STOCKHOLM - Alexander Dale Oen, 26, a world champion swimmer who was one of Norway’s top medal hopes for the London Olympics, died of cardiac arrest after collapsing in his bathroom during a training camp in Flagstaff, Ariz.
Per Rune Eknes, president of the Norwegian swimming federation, confirmed the death Tuesday. He said it was still unclear what led to the cardiac arrest.
In a statement, the federation said the 100-meter breaststroke world champion was found collapsed on the floor of his bathroom late Monday. He was taken to the Flagstaff Medical Center, where he was pronounced dead.

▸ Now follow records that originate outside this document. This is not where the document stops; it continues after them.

lemma norm_cis_minus_one_squared: "(cmod (cis x - 1))\<^sup>2 = (2 * sin (x/2))\<^sup>2"
proof -
  have "(cmod (cis x - 1))\<^sup>2 = (cos x - 1)\<^sup>2 + (sin x)\<^sup>2" by (simp add: cmod_power2)
  also have "\<dots> = 2 - 2 * cos x" using sin_cos_squared_add[of x] by (simp add: power2_eq_square algebra_simps)
  also have "cos x = 1 - 2 * sin (x/2) ^ 2" using cos_double_sin[of "x/2"] by simp
  finally show ?thesis by (simp add: power_mult_distrib)
qed

lemma sin_difference_quotient_tendsto: "((\<lambda>h. 2 * sin (of_int j * h / 2) / h) \<longlongrightarrow> real_of_int j) (at_right 0)"
proof -
  have "((\<lambda>h. 2 * sin (of_int j * h / 2)) has_real_derivative real_of_int j) (at 0)"
    by (auto intro!: derivative_eq_intros)
  then have "((\<lambda>h. (2 * sin (of_int j * h / 2) - 2 * sin (of_int j * 0 / 2)) / (h - 0)) \<longlongrightarrow> real_of_int j) (at 0)"
    by (simp only: has_field_derivative_iff)
  then have "((\<lambda>h. 2 * sin (of_int j * h / 2) / h) \<longlongrightarrow> real_of_int j) (at 0)" by simp
  then show ?thesis by (rule tendsto_mono[OF at_le, rotated]) simp
qed

lemma fourier_coeff_translate_diff:
  fixes G :: "real \<Rightarrow> complex"
  assumes cG: "continuous_on UNIV G" and per: "\<And>x. G (x + 2*pi) = G x" and h: "0 \<le> h" "h \<le> 2*pi"
  shows "fourier_coeff (\<lambda>\<theta>. G (\<theta> + h) - G \<theta>) j = (cis_mode j h - 1) * fourier_coeff G j"
proof -
  define \<Phi> where "\<Phi> = (\<lambda>t. G t * cnj (cis_mode j t))"
  have c\<Phi>: "continuous_on UNIV \<Phi>" unfolding \<Phi>_def by (intro continuous_intros cG)
  have p\<Phi>: "\<Phi> (x + 2*pi) = \<Phi> x" for x unfolding \<Phi>_def using per cis_mode_periodic by simp
  have cGh: "continuous_on UNIV (\<lambda>\<theta>. G (\<theta> + h))"
    by (intro continuous_on_compose2[OF cG] continuous_intros) auto
  have "G (\<theta> + h) * cnj (cis_mode j \<theta>) = cis_mode j h * \<Phi> (\<theta> + h)" for \<theta>
    unfolding \<Phi>_def by (simp add: cis_mode_def cis_cnj cis_mult algebra_simps)
  then have "l2_inner (\<lambda>\<theta>. G (\<theta> + h)) (cis_mode j) = cis_mode j h * integral {-pi..pi} (\<lambda>\<theta>. \<Phi> (\<theta> + h))"
    unfolding l2_inner_def by (simp add: integral_mult_right)
  also have "integral {-pi..pi} (\<lambda>\<theta>. \<Phi> (\<theta> + h)) = l2_inner G (cis_mode j)"
    unfolding integral_periodic_shift[OF c\<Phi> p\<Phi> h] unfolding \<Phi>_def l2_inner_def ..
  finally have "l2_inner (\<lambda>\<theta>. G (\<theta> + h) - G \<theta>) (cis_mode j) = (cis_mode j h - 1) * l2_inner G (cis_mode j)"
    by (subst l2_inner_diff_left)
       (auto intro: continuous_on_subset[OF cGh] continuous_on_subset[OF cG] simp: algebra_simps)
  then show ?thesis unfolding fourier_coeff_def by simp
qed

lemma lipschitz_difference_quotient_fourier_le:
  fixes g :: "real \<Rightarrow> real" and J :: "int set"
  assumes cont: "continuous_on UNIV g" and per: "\<forall>x. g (x + 2*pi) = g x"
    and Lip: "\<forall>x y. \<bar>g x - g y\<bar> \<le> L * \<bar>x - y\<bar>" and J: "finite J" and h: "0 < h" "h \<le> 2*pi"
  shows "(\<Sum>j\<in>J. (2 * sin (of_int j * h / 2) / h)\<^sup>2 * (cmod (fourier_coeff (\<lambda>\<theta>. of_real (g \<theta>)) j))\<^sup>2) \<le> L\<^sup>2"
proof -
  define G where "G = (\<lambda>\<theta>. complex_of_real (g \<theta>))"
  define dh where "dh = (\<lambda>\<theta>. G (\<theta> + h) - G \<theta>)"
  have cG: "continuous_on UNIV G" unfolding G_def by (intro continuous_intros cont)
  have pG: "G (x + 2*pi) = G x" for x unfolding G_def using per by simp
  have CCdh: "cont_pi dh" unfolding dh_def
    by (intro continuous_intros continuous_on_compose2[OF cG]) auto
  have "2*pi * (\<Sum>j\<in>J. (cmod (fourier_coeff dh j))\<^sup>2) \<le> l2_sq dh" by (rule bessel_inequality[OF CCdh J])
  also have "l2_sq dh \<le> integral {-pi..pi} (\<lambda>\<theta>. (L*h)\<^sup>2)"
    unfolding l2_sq_eq_integral[OF CCdh]
  proof (rule integral_le)
    fix \<theta> :: real
    have "cmod (dh \<theta>) = \<bar>g (\<theta> + h) - g \<theta>\<bar>" unfolding dh_def G_def
      by (simp only: of_real_diff[symmetric] norm_of_real)
    also have "\<dots> \<le> L * h" using Lip[rule_format, of "\<theta> + h" \<theta>] h by simp
    finally show "(cmod (dh \<theta>))\<^sup>2 \<le> (L*h)\<^sup>2" by (intro power_mono) auto
  qed (use CCdh in \<open>auto intro!: integrable_continuous_interval continuous_intros\<close>)
  finally have S: "(\<Sum>j\<in>J. (cmod (fourier_coeff dh j))\<^sup>2) \<le> (L*h)\<^sup>2" by simp
  have "(\<Sum>j\<in>J. (2 * sin (of_int j * h / 2) / h)\<^sup>2 * (cmod (fourier_coeff G j))\<^sup>2)
      = (\<Sum>j\<in>J. (cmod (fourier_coeff dh j))\<^sup>2) / h\<^sup>2"
    unfolding sum_divide_distrib dh_def
    using fourier_coeff_translate_diff[OF cG pG less_imp_le[OF h(1)] h(2)]
    by (intro sum.cong refl)
       (simp add: norm_mult power_mult_distrib cis_mode_def norm_cis_minus_one_squared power_divide)
  also have "\<dots> \<le> L\<^sup>2" using S h by (simp add: divide_le_eq power_mult_distrib)
  finally show ?thesis unfolding G_def .
qed
(* For every $\alpha>0$ the function $e^{-\alpha\Omega}$ is integrable on the Atiyah–Hitchin manifold $M_{AH}$ with respect to the Riemannian volume form, i.e. $$\int_{(0,1)\times SO(3)}e^{-\alpha\Omega}\,\frac{\beta^2\gamma^2\delta^2}{4k^2(1-k^2)K^2}\,dm\,\sigma_x\sigma_y\sigma_z<\infty .$$
   Context: The Atiyah–Hitchin manifold $M_{AH}$ (moduli of centred charge-2 monopoles on $\mathbb{R}^3$) contains an open dense subset identified with $(0,1)\times SO(3)/K_4$ ($K_4$ the Klein four-group), with parameter $k\in(0,1)$ and coordinate $m=k^2$, on which the metric is $$ds^2=\frac{\beta^2\gamma^2\delta^2}{(4k^2(1-k^2)K^2)^2}dm^2+\beta^2\sigma_x^2+\gamma^2\sigma_y^2+\delta^2\sigma_z^2,$$ where $(\sigma_x,\sigma_y,\sigma_z)$ is an orthonormal left-invariant coframe on $SO(3)$, $K=K(k)=\int_0^{\pi/2}(1-k^2\sin^2\phi)^{-1/2}d\phi$ and $E=E(k)=\int_0^{\pi/2}(1-k^2\sin^2\phi)^{1/2}d\phi$ are the complete elliptic integrals, and $\beta,\gamma,\delta$ are determined by $\beta\gamma=-EK$, $\gamma\delta=-EK+K^2$, $\beta\delta=-EK+(1-k^2)K^2$. Thus the volume form is $\frac{\beta^2\gamma^2\delta^2}{4k^2(1-k^2)K^2}dm\,\sigma_x\sigma_y\sigma_z$. In Euler angles $(\varphi,\theta,\psi)$ on $SO(3)$, Olivier's Kähler potential for the complex structure $I_3$ is $$\Omega=\frac{\beta\gamma+\gamma\delta+\delta\beta}{8}+\frac18\big(\gamma\delta\sin^2\theta\cos^2\psi+\delta\beta\sin^2\theta\sin^2\psi+\gamma\beta\cos^2\theta\big),$$ which extends continuously to $M_{AH}$. *)

theory Defs
  imports "HOL-Analysis.Analysis"
begin
definition mpoly_fun :: "nat set \<Rightarrow> nat \<Rightarrow> ((nat \<Rightarrow> complex) \<Rightarrow> complex) \<Rightarrow> bool" where
  "mpoly_fun V K f \<longleftrightarrow>
     (\<exists>c. is_mpoly V c \<and> (\<forall>\<alpha>. c \<alpha> \<noteq> 0 \<longrightarrow> (\<forall>i. \<alpha> i \<le> K)) \<and> f = mpoly_eval V c)"

lemma mpoly_eval_monom: "mpoly_eval V c x = (\<Sum>\<alpha>\<in>{\<alpha>. c \<alpha> \<noteq> 0}. c \<alpha> * mpoly_monom V \<alpha> x)"
  unfolding mpoly_eval_def mpoly_monom_def ..

lemma mpoly_eval_superset:
  assumes "finite S" "{\<alpha>. c \<alpha> \<noteq> 0} \<subseteq> S"
  shows "mpoly_eval V c x = (\<Sum>\<alpha>\<in>S. c \<alpha> * mpoly_monom V \<alpha> x)"
  unfolding mpoly_eval_monom using assms by (intro sum.mono_neutral_left) auto

lemma mpoly_eval_cong:
  assumes "\<And>i. i \<in> V \<Longrightarrow> x i = y i"
  shows "mpoly_eval V c x = mpoly_eval V c y"
  unfolding mpoly_eval_def using assms by (intro sum.cong prod.cong refl) auto

lemma mpoly_eval_zero [simp]: "mpoly_eval V (\<lambda>_. 0) x = 0"
  unfolding mpoly_eval_def by simp

lemma mpoly_monom_zero [simp]: "mpoly_monom V (\<lambda>_. 0) x = 1"
  by (simp add: mpoly_monom_def)

lemma mpoly_monom_add: "mpoly_monom V (\<lambda>i. \<alpha> i + \<beta> i) x = mpoly_monom V \<alpha> x * mpoly_monom V \<beta> x"
  by (simp add: mpoly_monom_def power_add prod.distrib)

lemma mpoly_monom_insert:
  assumes "finite V" "v \<notin> V"
  shows "mpoly_monom (insert v V) \<beta> x = x v ^ \<beta> v * mpoly_monom V \<beta> x"
  unfolding mpoly_monom_def using assms by simp

lemma mpoly_monom_cong:
  assumes "\<And>i. i \<in> V \<Longrightarrow> \<alpha> i = \<beta> i" "\<And>i. i \<in> V \<Longrightarrow> x i = y i"
  shows "mpoly_monom V \<alpha> x = mpoly_monom V \<beta> y"
  unfolding mpoly_monom_def using assms by (intro prod.cong) auto

subsection \<open>Polynomial functions with bounded exponents\<close>

lemma mpoly_fun_eval:
  assumes "finite V" "is_mpoly V c"
  shows "\<exists>K. mpoly_fun V K (mpoly_eval V c)"
proof -
  let ?S = "{\<alpha>. c \<alpha> \<noteq> 0}"
  have "\<alpha> i \<le> (\<Sum>\<beta>\<in>?S. \<Sum>j\<in>V. \<beta> j)" if "c \<alpha> \<noteq> 0" for \<alpha> i
  proof (cases "i \<in> V")
    case True
    have "\<alpha> i \<le> (\<Sum>j\<in>V. \<alpha> j)" using assms(1) True by (intro member_le_sum) auto
    also have "\<dots> \<le> (\<Sum>\<beta>\<in>?S. \<Sum>j\<in>V. \<beta> j)"
      using assms(2) that unfolding is_mpoly_def by (intro member_le_sum) auto
    finally show ?thesis .
  qed (use assms(2) that in \<open>auto simp: is_mpoly_def\<close>)
  then show ?thesis using assms(2) unfolding mpoly_fun_def by blast
qed

lemma mpoly_fun_monom:
  assumes "\<And>i. \<alpha> i \<le> K" "\<And>i. i \<notin> V \<Longrightarrow> \<alpha> i = 0"
  shows "mpoly_fun V K (\<lambda>x. a * mpoly_monom V \<alpha> x)"
proof -
  define c where "c = (\<lambda>\<beta>. if \<beta> = \<alpha> then a else 0)"
  have supp: "{\<beta>. c \<beta> \<noteq> 0} \<subseteq> {\<alpha>}" by (auto simp: c_def)
  then have "finite {\<beta>. c \<beta> \<noteq> 0}" by (rule finite_subset) simp
  moreover have "mpoly_eval V c x = a * mpoly_monom V \<alpha> x" for x
    using mpoly_eval_superset[OF _ supp] by (simp add: c_def)
  ultimately show ?thesis unfolding mpoly_fun_def is_mpoly_def using assms
    by (intro exI[of _ c]) (auto simp: c_def)
qed

lemma mpoly_fun_const: "mpoly_fun V K (\<lambda>x. a)"
  using mpoly_fun_monom[of "\<lambda>_. 0" K V a] by simp

lemma mpoly_fun_var:
  assumes "finite V" "i \<in> V" "1 \<le> K"
  shows "mpoly_fun V K (\<lambda>x. x i)"
proof -
  have "mpoly_fun V K (\<lambda>x. 1 * mpoly_monom V (\<lambda>j. if j = i then 1 else 0) x)"
    using assms by (intro mpoly_fun_monom) auto
  moreover have "mpoly_monom V (\<lambda>j. if j = i then 1 else 0) x = x i" for x
    unfolding mpoly_monom_def using assms by (simp add: if_distrib cong: if_cong)
  ultimately show ?thesis by simp
qed

lemma mpoly_fun_mono:
  assumes "mpoly_fun V K f" "K \<le> K'"
  shows "mpoly_fun V K' f"
  using assms(1) le_trans[OF _ assms(2)] unfolding mpoly_fun_def by blast

lemma mpoly_fun_add:
  assumes "mpoly_fun V K f" "mpoly_fun V K g"
  shows "mpoly_fun V K (\<lambda>x. f x + g x)"
proof -
  obtain c where c: "is_mpoly V c" "\<forall>\<alpha>. c \<alpha> \<noteq> 0 \<longrightarrow> (\<forall>i. \<alpha> i \<le> K)" "f = mpoly_eval V c"
    using assms(1) unfolding mpoly_fun_def by blast
  obtain d where d: "is_mpoly V d" "\<forall>\<alpha>. d \<alpha> \<noteq> 0 \<longrightarrow> (\<forall>i. \<alpha> i \<le> K)" "g = mpoly_eval V d"
    using assms(2) unfolding mpoly_fun_def by blast
  define S where "S = {\<alpha>. c \<alpha> \<noteq> 0} \<union> {\<alpha>. d \<alpha> \<noteq> 0}"
  have S: "finite S" using c(1) d(1) by (auto simp: S_def is_mpoly_def)
  have supp: "{\<alpha>. c \<alpha> + d \<alpha> \<noteq> 0} \<subseteq> S" by (auto simp: S_def)
  have "c \<alpha> \<noteq> 0 \<or> d \<alpha> \<noteq> 0" if "c \<alpha> + d \<alpha> \<noteq> 0" for \<alpha>
    using that by auto
  then have "is_mpoly V (\<lambda>\<alpha>. c \<alpha> + d \<alpha>) \<and> (\<forall>\<alpha>. c \<alpha> + d \<alpha> \<noteq> 0 \<longrightarrow> (\<forall>i. \<alpha> i \<le> K))"
    using c(1,2) d(1,2) finite_subset[OF supp S] unfolding is_mpoly_def by blast
  moreover have "f x + g x = mpoly_eval V (\<lambda>\<alpha>. c \<alpha> + d \<alpha>) x" for x
  proof -
    have "f x = (\<Sum>\<alpha>\<in>S. c \<alpha> * mpoly_monom V \<alpha> x)"
      unfolding c(3) by (rule mpoly_eval_superset[OF S]) (auto simp: S_def)
    moreover have "g x = (\<Sum>\<alpha>\<in>S. d \<alpha> * mpoly_monom V \<alpha> x)"
      unfolding d(3) by (rule mpoly_eval_superset[OF S]) (auto simp: S_def)
    ultimately show ?thesis by (simp add: mpoly_eval_superset[OF S supp] distrib_right sum.distrib)
  qed
  ultimately show ?thesis unfolding mpoly_fun_def by blast
qed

Mr. Dale Oen had his biggest triumph in the pool at last year’s world swimming championships in Shanghai when he won the 100-meter breaststroke. The victory provided some much-needed joy in Norway just three days after the massacre by right-wing extremist Anders Breivik that killed 77 people, including children at a summer camp.
Mr. Dale Oen dedicated the win to the victims of the massacre, pointing to the Norwegian flag on his cap after the finish to send a message back home.
“We need to stay united,’’ he said. “Everyone back home now is of course paralyzed with what happened, but it was important for me to symbolize that even though I’m here in China, I’m able to feel the same emotions.’’
His death dominated the news in Norway Monday, and Prime Minister Jens Stoltenberg said on Twitter: “Alexander Dale Oen was a great sportsman for a small country. My thoughts go to his family and friends.’’
The Norwegian team is holding a camp in Flagstaff ahead of the Olympics. The federation said Mr. Dale Oen had a light training session Monday and played golf that day. But teammates became worried when he spent an unusually long time in the shower and entered his bathroom when he failed to respond to knocks on the door.
Team doctor Ola Roensen said he performed cardiopulmonary resuscitation, but was unable to revive him.
In his last tweet on Monday, Mr. Dale Oen said he was looking forward to going back home.
Mr. Dale Oen was born in Bergen, Norway’s second largest city.
He started swimming at age 4, and said that the sport “came very easy and natural for me.’’
He is the second high-profile athlete to die from cardiac arrest recently, after Italian soccer player Piermario Morosini collapsed on the field during a game for Livorno last month.